Les dames et damoiselles, toutes pâles d’effroi, tremblent comme des colombes surprises dans un champ de blé par l’orage, et que la rage des vents chasse vers leur nid, au milieu du fracas du tonnerre ; des éclairs qui sillonnent la nue obscure, à travers la grêle et la pluie qui portent le ravage dans les campagnes. Elles tremblent pour Roger, qui ne leur semble pas de force à lutter avec le fier païen.

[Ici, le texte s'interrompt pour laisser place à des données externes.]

lemma conjugate_in_Mor2_Vcat:
  assumes c: "c \<in> Sq D"
    and a0: "globular D a0" "vinverse D a0 a0'" "sq_bot D a0 = sq_top D c"
    and a1: "globular D a1" "vinverse D a1 a1'" "sq_bot D a1 = sq_bot D c"
  defines "al \<equiv> sq_vcomp D (sq_vcomp D a0 c) a1'"
  shows "(al, c, a0, a1) \<in> Mor2 (Vcat D)" "(c, al, a0', a1') \<in> Mor2 (Vcat D)"
proof -
  define p where "p = sq_vcomp D a0 c"
  have sq: "a0 \<in> Sq D" "a0' \<in> Sq D" "a1 \<in> Sq D" "a1' \<in> Sq D"
    and inv0: "sq_top D a0' = sq_top D c" "sq_bot D a0' = sq_top D a0"
    and inv1: "sq_top D a1' = sq_bot D c" "sq_bot D a1' = sq_top D a1"
    using a0 a1 unfolding vinverse_def by auto
  have bd0: "sq_left D a0 = vid D (vdom D (sq_left D c))" "sq_right D a0 = vid D (vdom D (sq_right D c))"
    using globular_iff_bot[OF sq(1)] a0(1,3) sq_boundary[OF c] by auto
  have bd1: "sq_left D a1 = vid D (vcod D (sq_left D c))" "sq_right D a1 = vid D (vcod D (sq_right D c))"
    using globular_iff_bot[OF sq(3)] a1(1,3) sq_boundary[OF c] by auto
  have p: "p \<in> Sq D" "sq_top D p = sq_top D a0" "sq_bot D p = sq_bot D c"
    "sq_left D p = sq_left D c" "sq_right D p = sq_right D c"
    using sq_vcomp_props[OF sq(1) c a0(3)] sides_globular_sq_vcomp[OF a0(1) c a0(3)]
    unfolding p_def by auto
  have al: "al \<in> Sq D" "sq_top D al = sq_top D a0" "sq_bot D al = sq_top D a1"
    "sq_left D al = sq_left D c" "sq_right D al = sq_right D c"
    using sq_vcomp_props[OF p(1) sq(4)] sides_sq_vcomp_globular[OF p(1) globular_vinverse[OF a1(1,2)]]
      p inv1
    unfolding al_def p_def[symmetric] by auto
  have "sq_vcomp D al a1 = p"
    using sq_vcomp_vinverse_cancel_right[OF vinverse_sym[OF a1(2)] p(1)] p(3) inv1(1)
    unfolding al_def p_def by simp
  then show "(al, c, a0, a1) \<in> Mor2 (Vcat D)"
    using c al sq bd0 bd1 a0(3) a1(3) unfolding p_def by simp
  have "sq_vcomp D a0' al = sq_vcomp D (sq_vcomp D a0' p) a1'"
    using sq_vcomp_assoc[OF sq(2) p(1) sq(4)] inv0 inv1 p unfolding al_def p_def by simp
  also have "\<dots> = sq_vcomp D c a1'"
    using sq_vcomp_vinverse_cancel_left[OF a0(2) c] a0(3) unfolding p_def by simp
  finally show "(c, al, a0', a1') \<in> Mor2 (Vcat D)"
    using c al sq bd0 bd1 vinverse_boundary[OF a0(1,2)] vinverse_boundary[OF a1(1,2)] inv0 inv1 by simp
qed

lemma iso2_Vcat_conjugate:
  assumes c: "c \<in> Sq D"
    and a0: "globular D a0" "vinverse D a0 a0'" "sq_bot D a0 = sq_top D c"
    and a1: "globular D a1" "vinverse D a1 a1'" "sq_bot D a1 = sq_bot D c"
  shows "iso2 (Vcat D) (sq_vcomp D (sq_vcomp D a0 c) a1', c, a0, a1)"
proof -
  let ?al = "sq_vcomp D (sq_vcomp D a0 c) a1'"
  note cells = conjugate_in_Mor2_Vcat[OF assms]
  show ?thesis
    unfolding iso2_def
  proof (intro conjI exI[of _ "(c, ?al, a0', a1')"])
    show "(?al, c, a0, a1) \<in> Mor2 (Vcat D)" by (fact cells(1))
    show "(c, ?al, a0', a1') \<in> Mor2 (Vcat D)" by (fact cells(2))
  qed (use cells a0(2,3) a1(2,3) in \<open>simp_all add: vinverse_def\<close>)
qed

end

definition lifts_equivalences ::
  "('o1, 'm1, 'c1) twocat \<Rightarrow> ('o2, 'm2, 'c2) twocat \<Rightarrow> ('o1, 'm1, 'c1, 'o2, 'm2, 'c2) twofun \<Rightarrow> bool" where
  "lifts_equivalences C C' G \<longleftrightarrow>
    (\<forall>b Y. Y \<in> Obj C \<longrightarrow> equiv1 C' b \<longrightarrow> cod1 C' b = gob G Y \<longrightarrow>
        (\<exists>a. equiv1 C a \<and> cod1 C a = Y \<and> gm1 G a = b))"

definition lifts_invertible_2cells ::
  "('o1, 'm1, 'c1) twocat \<Rightarrow> ('o2, 'm2, 'c2) twocat \<Rightarrow> ('o1, 'm1, 'c1, 'o2, 'm2, 'c2) twofun \<Rightarrow> bool" where
  "lifts_invertible_2cells C C' G \<longleftrightarrow>
    (\<forall>c be. c \<in> Mor1 C \<longrightarrow> iso2 C' be \<longrightarrow> cod2 C' be = gm1 G c \<longrightarrow>
        (\<exists>al. iso2 C al \<and> cod2 C al = c \<and> gm2 G al = be))"

lemma lack_fibration_iff:
  "lack_fibration C C' G \<longleftrightarrow> lifts_equivalences C C' G \<and> lifts_invertible_2cells C C' G"
  unfolding lack_fibration_def lifts_equivalences_def lifts_invertible_2cells_def ..

locale dbl_functor = A: dbl_cat A + B: dbl_cat B
  for A :: "('o1, 'h1, 'v1, 's1, 'x) dblcat_scheme" and B :: "('o2, 'h2, 'v2, 's2, 'y) dblcat_scheme" +
  fixes F :: "('o1, 'h1, 'v1, 's1, 'o2, 'h2, 'v2, 's2) dblfun"
  assumes double_functor: "double_functor A B F"
begin

lemma fh_boundary:
  assumes "a \<in> HMor A"
  shows "hdom B (fh F a) = fob F (hdom A a)" "hcod B (fh F a) = fob F (hcod A a)"
  using double_functor assms unfolding double_functor_def by auto

lemma fsq_boundary:
  assumes "s \<in> Sq A"
  shows "fsq F s \<in> Sq B" "sq_top B (fsq F s) = fh F (sq_top A s)" "sq_bot B (fsq F s) = fh F (sq_bot A s)"
  using double_functor assms unfolding double_functor_def by auto

lemma fsq_sq_vid: "a \<in> HMor A \<Longrightarrow> fsq F (sq_vid A a) = sq_vid B (fh F a)"
  using double_functor unfolding double_functor_def by auto

lemma fsq_sq_vcomp:
  "s \<in> Sq A \<Longrightarrow> t \<in> Sq A \<Longrightarrow> sq_bot A s = sq_top A t \<Longrightarrow>
   fsq F (sq_vcomp A s t) = sq_vcomp B (fsq F s) (fsq F t)"
  using double_functor unfolding double_functor_def by auto

lemma fsq_vinverse:
  assumes "vinverse A s t"
  shows "vinverse B (fsq F s) (fsq F t)"
proof -
  have s: "s \<in> Sq A" and t: "t \<in> Sq A" and ends: "sq_top A t = sq_bot A s" "sq_bot A t = sq_top A s"
    and inv: "sq_vcomp A s t = sq_vid A (sq_top A s)" "sq_vcomp A t s = sq_vid A (sq_bot A s)"
    using assms unfolding vinverse_def by auto
  have "sq_vcomp B (fsq F s) (fsq F t) = sq_vid B (fh F (sq_top A s))"
    using fsq_sq_vcomp[OF s t] ends inv fsq_sq_vid A.sq_boundary(1)[OF s] by simp
  moreover have "sq_vcomp B (fsq F t) (fsq F s) = sq_vid B (fh F (sq_bot A s))"
    using fsq_sq_vcomp[OF t s] ends inv fsq_sq_vid A.sq_boundary(2)[OF s] by simp
  ultimately show ?thesis
    using fsq_boundary[OF s] fsq_boundary[OF t] ends unfolding vinverse_def by simp
qed

lemma double_fibration_iff:
  "double_fibration A B F \<longleftrightarrow>
     lifts_equivalences (Hcat A) (Hcat B) (Hfun F) \<and> lifts_invertible_2cells (Hcat A) (Hcat B) (Hfun F) \<and>
     lifts_equivalences (Vcat A) (Vcat B) (Vfun F)"
proof -
  have B_cell_iff: "iso2 (Hcat B) be \<and> sq_bot B be = fh F c \<longleftrightarrow>
      vert_invertible B be \<and> sq_left B be = vid B (fob F (hdom A c)) \<and>
      sq_right B be = vid B (fob F (hcod A c)) \<and> sq_bot B be = fh F c"
    if "c \<in> HMor A" for c be
    using B.iso2_Hcat_bot_iff[of be "fh F c"] fh_boundary[OF that] by simp
  have "(\<forall>c be. c \<in> HMor A \<longrightarrow> vert_invertible B be \<longrightarrow>
          sq_left B be = vid B (fob F (hdom A c)) \<longrightarrow> sq_right B be = vid B (fob F (hcod A c)) \<longrightarrow>
          sq_bot B be = fh F c \<longrightarrow>
          (\<exists>al. vert_invertible A al \<and> sq_left A al = vid A (hdom A c) \<and>
                sq_right A al = vid A (hcod A c) \<and> sq_bot A al = c \<and> fsq F al = be))
        \<longleftrightarrow> lifts_invertible_2cells (Hcat A) (Hcat B) (Hfun F)"
    unfolding lifts_invertible_2cells_def Hcat_simps Hfun_simps
    using B_cell_iff A.iso2_Hcat_bot_iff by (simp (no_asm_use)) metis
  then show ?thesis
    unfolding double_fibration_def lifts_equivalences_def horiz_equivalence_def weakly_horiz_invertible_def
    by auto
qed

lemma lifts_invertible_2cells_Vfun:
  assumes H: "lifts_invertible_2cells (Hcat A) (Hcat B) (Hfun F)"
  shows "lifts_invertible_2cells (Vcat A) (Vcat B) (Vfun F)"
  unfolding lifts_invertible_2cells_def
proof (intro allI impI)
  fix c th
  assume "c \<in> Mor1 (Vcat A)" and iso: "iso2 (Vcat B) th" and "cod2 (Vcat B) th = gm1 (Vfun F) c"
  then obtain be s0 s1 where c: "c \<in> Sq A" and th: "th = (be, fsq F c, s0, s1)"
    by (cases th) auto
  have cell: "(be, fsq F c, s0, s1) \<in> Mor2 (Vcat B)"
    using iso th unfolding iso2_def by blast
  have s0_s1: "iso2 (Hcat B) s0" "iso2 (Hcat B) s1"
    using B.iso2_Vcat_components iso th by blast+
  obtain a0 where a0: "iso2 (Hcat A) a0" "sq_bot A a0 = sq_top A c" "fsq F a0 = s0"
    using H s0_s1(1) cell fsq_boundary[OF c] A.sq_boundary(1)[OF c]
    unfolding lifts_invertible_2cells_def by force
  obtain a1 where a1: "iso2 (Hcat A) a1" "sq_bot A a1 = sq_bot A c" "fsq F a1 = s1"
    using H s0_s1(2) cell fsq_boundary[OF c] A.sq_boundary(2)[OF c]
    unfolding lifts_invertible_2cells_def by force
  obtain a0' a1' where inv: "vinverse A a0 a0'" "vinverse A a1 a1'"
    using a0(1) a1(1) unfolding iso2_Hcat_iff by blast
  have glob: "globular A a0" "globular A a1"
    using a0(1) a1(1) unfolding iso2_Hcat_iff by blast+
  define al where "al = sq_vcomp A (sq_vcomp A a0 c) a1'"
  have "fsq F al = sq_vcomp B (sq_vcomp B s0 (fsq F c)) (fsq F a1')"
    using fsq_sq_vcomp A.sq_vcomp_props c inv a0 a1 unfolding al_def vinverse_def by simp
  also have "\<dots> = sq_vcomp B (sq_vcomp B be s1) (fsq F a1')"
    using cell by simp
  also have "\<dots> = be"
    using B.sq_vcomp_vinverse_cancel_right[OF fsq_vinverse[OF inv(2)]] cell a1(3) by simp
  finally have "fsq F al = be" .
  moreover have "iso2 (Vcat A) (al, c, a0, a1)"
    unfolding al_def using A.iso2_Vcat_conjugate[OF c glob(1) inv(1) a0(2) glob(2) inv(2) a1(2)] .
  ultimately show "\<exists>al. iso2 (Vcat A) al \<and> cod2 (Vcat A) al = c \<and> gm2 (Vfun F) al = th"
    using th a0(3) a1(3) by auto
qed

end

theorem proposition3p13:
  fixes A :: "('o1, 'h1, 'v1, 's1) dblcat" and B :: "('o2, 'h2, 'v2, 's2) dblcat"
    and F :: "('o1, 'h1, 'v1, 's1, 'o2, 'h2, 'v2, 's2) dblfun"
  assumes "double_functor A B F"
  shows "double_fibration A B F \<longleftrightarrow>
           lack_fibration (Hcat A) (Hcat B) (Hfun F) \<and> lack_fibration (Vcat A) (Vcat B) (Vfun F)"
proof -
  interpret dbl_functor A B F
    using assms unfolding dbl_functor_def dbl_functor_axioms_def dbl_cat_def double_functor_def by blast
  show ?thesis
    unfolding lack_fibration_iff double_fibration_iff using lifts_invertible_2cells_Vfun by blast
qed

end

La foule et la plupart des chevaliers et des barons partageaient la même crainte ; on n’avait pas oublié ce que le païen avait fait dans Paris assiégé ; on se souvenait qu’à lui seul il avait détruit une grande partie de la ville par le fer et par le feu. Les traces de son passage existaient encore et devaient exister longtemps ; jamais le royaume n’avait subi plus cruel désastre.

Plus que tous les autres, Bradamante se sentait le cœur troublé ; elle ne croyait pas, il est vrai, que le Sarrasin eût plus de force que Roger, et surtout plus de vaillance, car c’est du cœur seul que vient le courage. Elle ne croyait pas au bon droit de Rodomont. Cependant, en digne amante qu’elle était, elle ne pouvait bannir ses craintes.